Maximum number of database connections available to the user.

When used in session pooling, this setting limits the number of connections to every single host in PostgreSQL cluster. In this case, the setting's value must be greater than the total number of connections that backend services can open to access the PostgreSQL cluster. The setting's value should not exceed the value of the [Cluster.config.postgresql_config.max_connections] setting.

When used in transaction pooling, this setting limits the number of user's active transactions; therefore, in this mode user can open thousands of connections, but only N concurrent connections will be opened, where N is the value of the setting.

Minimum value: 10 (default: 50), when used in session pooling.

settings

UserSettings

login

google.protobuf.BoolValue

This flag defines whether the user can login to a PostgreSQL database.

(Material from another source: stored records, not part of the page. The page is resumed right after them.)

lemma has_fps_expansion_div_one_minus: "div_one_minus K has_fps_expansion (fps_X / (1 - fps_const K * fps_X))"
proof -
  have D: "(\<lambda>z. 1 - K * z) has_fps_expansion (1 - fps_const K * fps_X)"
    by (intro has_fps_expansion_diff has_fps_expansion_1 has_fps_expansion_cmult_left has_fps_expansion_fps_X)
  have sd: "subdegree (1 - fps_const K * fps_X) = 0" by (simp add: subdegree_eq_0_iff)
  have nz: "(1 - fps_const K * fps_X) \<noteq> 0"
  proof
    assume "(1 - fps_const K * fps_X) = 0"
    then have "fps_nth (1 - fps_const K * fps_X) 0 = 0" by simp
    then show False by simp
  qed
  note X = has_fps_expansion_divide[OF has_fps_expansion_fps_X D _ nz refl]
  have "(\<lambda>x. if x = 0 then fps_nth fps_X (subdegree (1 - fps_const K * fps_X)) /
               fps_nth (1 - fps_const K * fps_X) (subdegree (1 - fps_const K * fps_X))
          else x / (1 - K * x)) = div_one_minus K"
    unfolding sd by (auto simp: div_one_minus_def fun_eq_iff)
  with X show ?thesis by simp
qed

lemma fps_nth_div_one_minus_0: "fps_nth (fps_X / (1 - fps_const (K::complex) * fps_X)) 0 = 0"
  by (subst fps_divide_unit) auto

lemma fps_nth_compose_eq_truncated:
  fixes Bt W :: "'a::comm_ring_1 fps"
  assumes W0: "fps_nth W 0 = 0" and i: "i < r"
  shows "fps_nth (Bt oo W) i = fps_nth (\<Sum>l<r. fps_const (fps_nth Bt l) * W ^ l) i"
proof -
  have "fps_nth (\<Sum>l<r. fps_const (fps_nth Bt l) * W ^ l) i = (\<Sum>l<r. fps_nth Bt l * fps_nth (W ^ l) i)"
    by (simp add: fps_sum_nth)
  also have "\<dots> = (\<Sum>l=0..i. fps_nth Bt l * fps_nth (W ^ l) i)"
    using i fps_nth_power_eq_0[OF W0] by (intro sum.mono_neutral_right) auto
  also have "\<dots> = fps_nth (Bt oo W) i" by (simp add: fps_compose_nth)
  finally show ?thesis by simp
qed
lemma suminf_exp_weight_summatory_le:
  fixes f :: "nat \<Rightarrow> real"
  assumes X: "2 \<le> X"
  shows "(\<Sum>m. ennreal ((exp (- real m / X))\<^sup>2 * (summatory f m)\<^sup>2))
     \<le> 3 * (\<integral>\<^sup>+x\<in>{0..}. ennreal ((exp (- x / X))\<^sup>2 * (summatory f x)\<^sup>2) \<partial>lborel)"
proof -
  define B where "B x = (exp (- x / X))\<^sup>2 * (summatory f x)\<^sup>2" for x
  have "ennreal (B m) \<le> 3 * ennreal (B t)" if "real m \<le> t" "t < real m + 1" for m t
  proof -
    have "summatory f (real m) = summatory f t"
      using that floor_unique[of "int m" t] by (simp add: summatory_def)
    then have "B m \<le> 3 * B t"
      using mult_right_mono[OF exp_shift_sq_le[OF X that] zero_le_power2[of "summatory f t"]]
      by (simp add: B_def mult.assoc)
    then have "ennreal (B m) \<le> ennreal (3 * B t)"
      by (rule ennreal_leI)
    then show ?thesis
      by (simp add: ennreal_mult')
  qed
  then have "(\<Sum>m. ennreal (B m)) \<le> (\<integral>\<^sup>+t\<in>{0..}. 3 * ennreal (B t) \<partial>lborel)"
    by (intro suminf_le_nn_integral) (auto simp: B_def)
  then show ?thesis
    by (simp add: B_def nn_integral_cmult mult.assoc)
qed

lemma window_sum_sq_indicator_le:
  fixes f :: "nat \<Rightarrow> real"
  assumes X: "0 < X" and h: "1 \<le> h"
  defines "B \<equiv> \<lambda>x. (exp (- x / X))\<^sup>2 * (summatory f x)\<^sup>2"
  shows "ennreal ((\<Sum>n\<in>{n. x < real n \<and> real n \<le> x + h}. f n * exp (- real n / X))\<^sup>2) * indicator {0..} x
     \<le> 2 * (ennreal ((exp (- x / X))\<^sup>2 * (summatory f (x + h) - summatory f x)\<^sup>2) * indicator {0..} x)
       + ennreal (16 * (h / X)\<^sup>2) * (ennreal (B x) * indicator {0..} x)
       + ennreal (8 * h / X\<^sup>2) * (\<Sum>m\<in>{n. x < real n \<and> real n \<le> x + h}. ennreal (B m))"
proof (cases "0 \<le> x")
  case True
  have ennreal_split:
    "ennreal (2 * a + u * b + v * c) = 2 * ennreal a + ennreal u * ennreal b + ennreal v * ennreal c"
    if "0 \<le> a" "0 \<le> b" "0 \<le> c" "0 \<le> u" "0 \<le> v" for a b c u v :: real
    using that by (simp add: ennreal_mult)
  have B_nonneg: "0 \<le> B x" for x
    by (simp add: B_def)
  have "ennreal ((\<Sum>n\<in>{n. x < real n \<and> real n \<le> x + h}. f n * exp (- real n / X))\<^sup>2)
      \<le> ennreal (2 * ((exp (- x / X))\<^sup>2 * (summatory f (x + h) - summatory f x)\<^sup>2)
                 + 16 * (h / X)\<^sup>2 * B x + 8 * h / X\<^sup>2 * (\<Sum>m\<in>{n. x < real n \<and> real n \<le> x + h}. B m))"
    using window_sum_sq_le[of X h x f] X h True by (intro ennreal_leI) (simp add: B_def mult.assoc)
  also have "\<dots> = 2 * ennreal ((exp (- x / X))\<^sup>2 * (summatory f (x + h) - summatory f x)\<^sup>2)
      + ennreal (16 * (h / X)\<^sup>2) * ennreal (B x)
      + ennreal (8 * h / X\<^sup>2) * ennreal (\<Sum>m\<in>{n. x < real n \<and> real n \<le> x + h}. B m)"
    using h B_nonneg by (intro ennreal_split) (auto simp: sum_nonneg)
  finally show ?thesis
    using True B_nonneg by simp
qed simp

Default value: true (login is allowed).

grants[]

string

A set of roles and privileges that are granted to the user.

For more information, see the documentation.

deletionProtection

google.protobuf.BoolValue

Deletion Protection inhibits deletion of the user

Default value: unspecified (inherits cluster's deletion_protection)

userPasswordEncryption

enum UserPasswordEncryption

New password-based authentication method for user.
Possible values are USER_PASSWORD_ENCRYPTION_MD5 or USER_PASSWORD_ENCRYPTION_SCRAM_SHA_256.

• USER_PASSWORD_ENCRYPTION_UNSPECIFIED
• USER_PASSWORD_ENCRYPTION_MD5
• USER_PASSWORD_ENCRYPTION_SCRAM_SHA_256

Field

Description

databaseName

string

Name of the database that the permission grants access to.

Field

Description

defaultTransactionIsolation

enum TransactionIsolation

SQL sets an isolation level for each transaction.
This setting defines the default isolation level to be set for all new SQL transactions.

For more information, see the PostgreSQL documentation.

• TRANSACTION_ISOLATION_UNSPECIFIED
• TRANSACTION_ISOLATION_READ_UNCOMMITTED: This level behaves like TRANSACTION_ISOLATION_READ_COMMITTED in PostgreSQL.
• TRANSACTION_ISOLATION_READ_COMMITTED: On this level query sees only data committed before the query began. Default value.
• TRANSACTION_ISOLATION_REPEATABLE_READ: On this level all subsequent queries in a transaction will see the same rows, that were read by the first SELECT or INSERT query in this transaction, unchanged (these rows are locked during the first query).
• TRANSACTION_ISOLATION_SERIALIZABLE: This level provides the strictest transaction isolation.
  All queries in the current transaction see only the rows that were fixed prior to execution of the first SELECT or INSERT query in this transaction.
  If read and write operations in a concurrent set of serializable transactions overlap and this may cause an inconsistency that is not possible during the serial transaction execution, then one of the transaction will be rolled back, triggering a serialization failure.

lockTimeout

google.protobuf.Int64Value

The maximum time (in milliseconds) for any statement to wait for acquiring a lock on an table, index, row or other database object.
If the wait time is longer than the specified amount, then this statement is aborted.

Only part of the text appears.